Some tricks that have worked have been:

1\. Pomodoro (actually more specifically: <http://tomato.es/>).

2\. Redefining what I wanted to get done: For example, I used to want to run
30 minutes 5 days a week, but found that I was not able to start doing it
because of being busy, tired, or for some excuse. So, I chose a distance that
I could easily do in 20 minutes and decided that no matter what I had to do
the distance, if only by walking. Not only did I do it with this new
definition, but my excuse of being busy driving me to actually run instead of
walk.

3\. Making a commitment with a friend on a similar topic: This would mean
reading at the same time, cooking, sleeping, etc.

4\. Getting a new toy related to the task to get me to do something slightly
different. This could be buying a new book on the topic, or a pad to take
notes.

5\. Making a commitment to much smaller sub goals when doing the task.

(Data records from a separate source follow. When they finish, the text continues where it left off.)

definition polyomino :: "pos set \<Rightarrow> bool" where
  "polyomino R \<longleftrightarrow> R \<noteq> {} \<and>
     (\<forall>c\<in>R. \<forall>c'\<in>R. (\<lambda>x y. x \<in> R \<and> y \<in> R \<and> adj x y)\<^sup>*\<^sup>* c c')"

text \<open>A Makaro puzzle on an nr x nc grid: white cells W, black cells Bk,
  rooms (a partition of W into polyominoes), prefilled numbers 'given',
  and for each black cell the white cell its arrow points to.\<close>
definition makaro_puzzle ::
  "nat \<Rightarrow> nat \<Rightarrow> pos set \<Rightarrow> pos set \<Rightarrow> pos set set \<Rightarrow> (pos \<Rightarrow> nat option) \<Rightarrow> (pos \<Rightarrow> pos) \<Rightarrow> bool"
where
  "makaro_puzzle nr nc W Bk rooms given arrow \<longleftrightarrow>
     W \<inter> Bk = {} \<and> W \<union> Bk = {..<nr} \<times> {..<nc} \<and>
     \<Union> rooms = W \<and>
     (\<forall>R\<in>rooms. polyomino R) \<and>
     (\<forall>R\<in>rooms. \<forall>R'\<in>rooms. R \<noteq> R' \<longrightarrow> R \<inter> R' = {}) \<and>
     (\<forall>c. given c \<noteq> None \<longrightarrow> c \<in> W) \<and>
     (\<forall>b\<in>Bk. arrow b \<in> W \<and> adj b (arrow b))"

definition room_of :: "pos set set \<Rightarrow> pos \<Rightarrow> pos set" where
  "room_of rooms c = (THE R. R \<in> rooms \<and> c \<in> R)"

definition same_room :: "pos set set \<Rightarrow> pos \<Rightarrow> pos \<Rightarrow> bool" where
  "same_room rooms c c' \<longleftrightarrow> (\<exists>R\<in>rooms. c \<in> R \<and> c' \<in> R)"

definition makaro_solution ::
  "pos set \<Rightarrow> pos set \<Rightarrow> pos set set \<Rightarrow> (pos \<Rightarrow> nat option) \<Rightarrow> (pos \<Rightarrow> pos) \<Rightarrow> (pos \<Rightarrow> nat) \<Rightarrow> bool"
where
  "makaro_solution W Bk rooms given arrow sol \<longleftrightarrow>
     \<comment> \<open>room condition\<close>
     (\<forall>R\<in>rooms. sol ` R = {1..card R}) \<and>
     \<comment> \<open>agrees with the prefilled numbers\<close>
     (\<forall>c v. given c = Some v \<longrightarrow> sol c = v) \<and>
     \<comment> \<open>neighbor condition\<close>
     (\<forall>c\<in>W. \<forall>c'\<in>W. adj c c' \<and> \<not> same_room rooms c c' \<longrightarrow> sol c \<noteq> sol c') \<and>
     \<comment> \<open>arrow condition: the pointed cell holds the unique largest number\<close>
     (\<forall>b\<in>Bk. \<forall>c\<in>W. adj b c \<and> c \<noteq> arrow b \<longrightarrow> sol c < sol (arrow b))"

datatype letter = LA | LB | LC | LD

datatype card =
    CellC "pos set" nat
  | Hlp nat
  | Enc letter nat

type_synonym layout = "pos \<Rightarrow> card"

definition cell_cards :: "pos set \<Rightarrow> card list" where
  "cell_cards R = map (CellC R) [1..<card R + 1]"

definition hlp_cards :: "nat \<Rightarrow> card list" where
  "hlp_cards p = map Hlp [1..<p + 1]"

definition enc_cards :: "letter \<Rightarrow> nat \<Rightarrow> nat \<Rightarrow> card list" where
  "enc_cards X i j = map (Enc X) [i..<j + 1]"

definition idx :: "'a list \<Rightarrow> 'a \<Rightarrow> nat" where
  "idx r c = (LEAST j. j < length r \<and> r ! j = c)"

text \<open>After revealing row r, rearrange the columns so that r reads t; applied to
  any row of the matrix.\<close>
definition rearr :: "'a list \<Rightarrow> 'a list \<Rightarrow> 'b list \<Rightarrow> 'b list" where
  "rearr r t row = map (\<lambda>c. row ! idx r c) t"

definition perms :: "nat \<Rightarrow> (nat \<Rightarrow> nat) set" where
  "perms n = {\<pi>. \<pi> permutes {..<n}}"

definition put_back :: "layout \<Rightarrow> pos list \<Rightarrow> card list \<Rightarrow> layout" where
  "put_back L cs vs = (\<lambda>c. if c \<in> set cs then vs ! idx cs c else L c)"

text \<open>Sequential composition of nondeterministic (set-valued) checks;
  None means rejection.\<close>
fun run_seq :: "('a \<Rightarrow> layout \<Rightarrow> layout option set) \<Rightarrow> 'a list \<Rightarrow> layout \<Rightarrow> layout option set" where
  "run_seq f [] L = {Some L}"
| "run_seq f (x # xs) L =
     (\<Union>o' \<in> f x L. case o' of None \<Rightarrow> {None} | Some L' \<Rightarrow> run_seq f xs L')"

text \<open>Room check for room R (ord R is the fixed order of its cells).\<close>
definition room_check :: "(pos set \<Rightarrow> pos list) \<Rightarrow> pos set \<Rightarrow> layout \<Rightarrow> layout option set" where
  "room_check ord R L =
    (let p = card R; cs = ord R; row1 = map L cs; row2 = hlp_cards p in
     \<Union>\<pi>1 \<in> perms p.
       let r1 = permute_list \<pi>1 row1; r2 = permute_list \<pi>1 row2 in
       if mset r1 \<noteq> mset (cell_cards R) then {None}
       else \<Union>\<pi>2 \<in> perms p.
         let s1 = permute_list \<pi>2 r1; s2 = permute_list \<pi>2 r2;
             f1 = rearr s2 (hlp_cards p) s1
         in {Some (put_back L cs f1)})"

text \<open>Conversion of cell c of room R to an encoding sequence of length m using
  card set X.  Returns the encoding sequence and the new layout.\<close>
definition convert ::
  "(pos set \<Rightarrow> pos list) \<Rightarrow> pos set \<Rightarrow> pos \<Rightarrow> nat \<Rightarrow> letter \<Rightarrow> layout \<Rightarrow> (card list \<times> layout) set"
where
  "convert ord R c m X L =
    (let p = card R; cs = ord R; i = idx cs c; row1 = map L cs; row2 = hlp_cards p in
     \<Union>S \<in> {S. mset S = mset (enc_cards X 2 m)}.
       let row3 = take i S @ [Enc X 1] @ drop i (take (p - 1) S) in
       \<Union>\<sigma>1 \<in> perms p.
         let r1 = permute_list \<sigma>1 row1; r2 = permute_list \<sigma>1 row2; r3 = permute_list \<sigma>1 row3;
             u1 = rearr r1 (cell_cards R) r1; u2 = rearr r1 (cell_cards R) r2;
             T = rearr r1 (cell_cards R) r3;
             e = T @ drop (p - 1) S
         in \<Union>\<sigma>2 \<in> perms p.
           let v1 = permute_list \<sigma>2 u1; v2 = permute_list \<sigma>2 u2;
               w1 = rearr v2 (hlp_cards p) v1
           in {(e, put_back L cs w1)})"

definition neighbor_check ::
  "pos set set \<Rightarrow> (pos set \<Rightarrow> pos list) \<Rightarrow> pos \<times> pos \<Rightarrow> layout \<Rightarrow> layout option set"
where
  "neighbor_check rooms ord cc L =
    (let c1 = fst cc; c2 = snd cc; R1 = room_of rooms c1; R2 = room_of rooms c2;
         m = max (card R1) (card R2) in
     \<Union>(e1, L1) \<in> convert ord R1 c1 m LA L.
     \<Union>(e2, L2) \<in> convert ord R2 c2 m LB L1.
     \<Union>\<tau> \<in> perms m.
       let f1 = permute_list \<tau> e1; f2 = permute_list \<tau> e2; i = idx f1 (Enc LA 1) in
       if f2 ! i = Enc LB 1 then {None} else {Some L2})"

fun convert_list ::
  "pos set set \<Rightarrow> (pos set \<Rightarrow> pos list) \<Rightarrow> nat \<Rightarrow> (pos \<times> letter) list \<Rightarrow> layout \<Rightarrow> (card list list \<times> layout) set"
where
  "convert_list rooms ord m [] L = {([], L)}"
| "convert_list rooms ord m ((c, X) # cs) L =
     (\<Union>(e, L1) \<in> convert ord (room_of rooms c) c m X L.
      \<Union>(es, L2) \<in> convert_list rooms ord m cs L1. {(e # es, L2)})"

text \<open>Arrow check for black cell b; oth b lists the other adjacent white cells.\<close>
definition arrow_check ::
  "pos set set \<Rightarrow> (pos set \<Rightarrow> pos list) \<Rightarrow> (pos \<Rightarrow> pos) \<Rightarrow> (pos \<Rightarrow> pos list) \<Rightarrow> pos \<Rightarrow> layout \<Rightarrow> layout option set"
where
  "arrow_check rooms ord arrow oth b L =
    (let t = arrow b; os = oth b;
         m = Max ((\<lambda>c. card (room_of rooms c)) ` set (t # os)); n = 2 * m - 1 in
     \<Union>(e1, L1) \<in> convert ord (room_of rooms t) t n LA L.
     \<Union>(es, L2) \<in> convert_list rooms ord n (zip os [LB, LC, LD]) L1.
     \<Union>r \<in> {..<n}.
       let f1 = rotate r e1; fs = map (rotate r) es; i = idx f1 (Enc LA 1) in
       if (\<exists>f \<in> set fs. \<exists>j<m. f ! ((i + j) mod n) \<in> {Enc LB 1, Enc LC 1, Enc LD 1})
       then {None} else {Some L2})"

definition setup_layout :: "pos set set \<Rightarrow> (pos \<Rightarrow> nat) \<Rightarrow> layout" where
  "setup_layout rooms sol = (\<lambda>c. CellC (room_of rooms c) (sol c))"

text \<open>All possible outcomes of the whole protocol (over all shuffle results and
  all random choices of P); None = some check rejected.\<close>
definition protocol ::
  "pos set set \<Rightarrow> (pos \<Rightarrow> pos) \<Rightarrow> (pos set \<Rightarrow> pos list) \<Rightarrow> (pos \<Rightarrow> pos list)
   \<Rightarrow> pos set list \<Rightarrow> (pos \<times> pos) list \<Rightarrow> pos list \<Rightarrow> layout \<Rightarrow> layout option set"
where
  "protocol rooms arrow ord oth rl np bl L0 =
    (\<Union>o1 \<in> run_seq (room_check ord) rl L0.
      case o1 of None \<Rightarrow> {None} | Some L1 \<Rightarrow>
      (\<Union>o2 \<in> run_seq (neighbor_check rooms ord) np L1.
        case o2 of None \<Rightarrow> {None} | Some L2 \<Rightarrow>
        run_seq (arrow_check rooms ord arrow oth) bl L2))"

6\. Trying to list and prioritize the easier sub-tasks so that I fool myself
into making progress.

7\. The carrot and the stick: I let myself get a nice breakfast outside when I
wake up earlier (or do something that I have been needing to do), and I
sometime say that there has to be some penalty (like not sleeping until I
finish atleast one task).

8\. First thing in the morning: Trying to do a quick version of the task
before I do anything morning. This to me means before making any decisions
(involved in serious tasks), as well as before consuming any content (blog
posts, e-mails, etc).

To add a little more to the above, I take pride in me persevering, so if I
actually do try a new 'trick', I work at it - often taking a few weeks to make
it happen. And I often get it into my routine if only for a few more weeks.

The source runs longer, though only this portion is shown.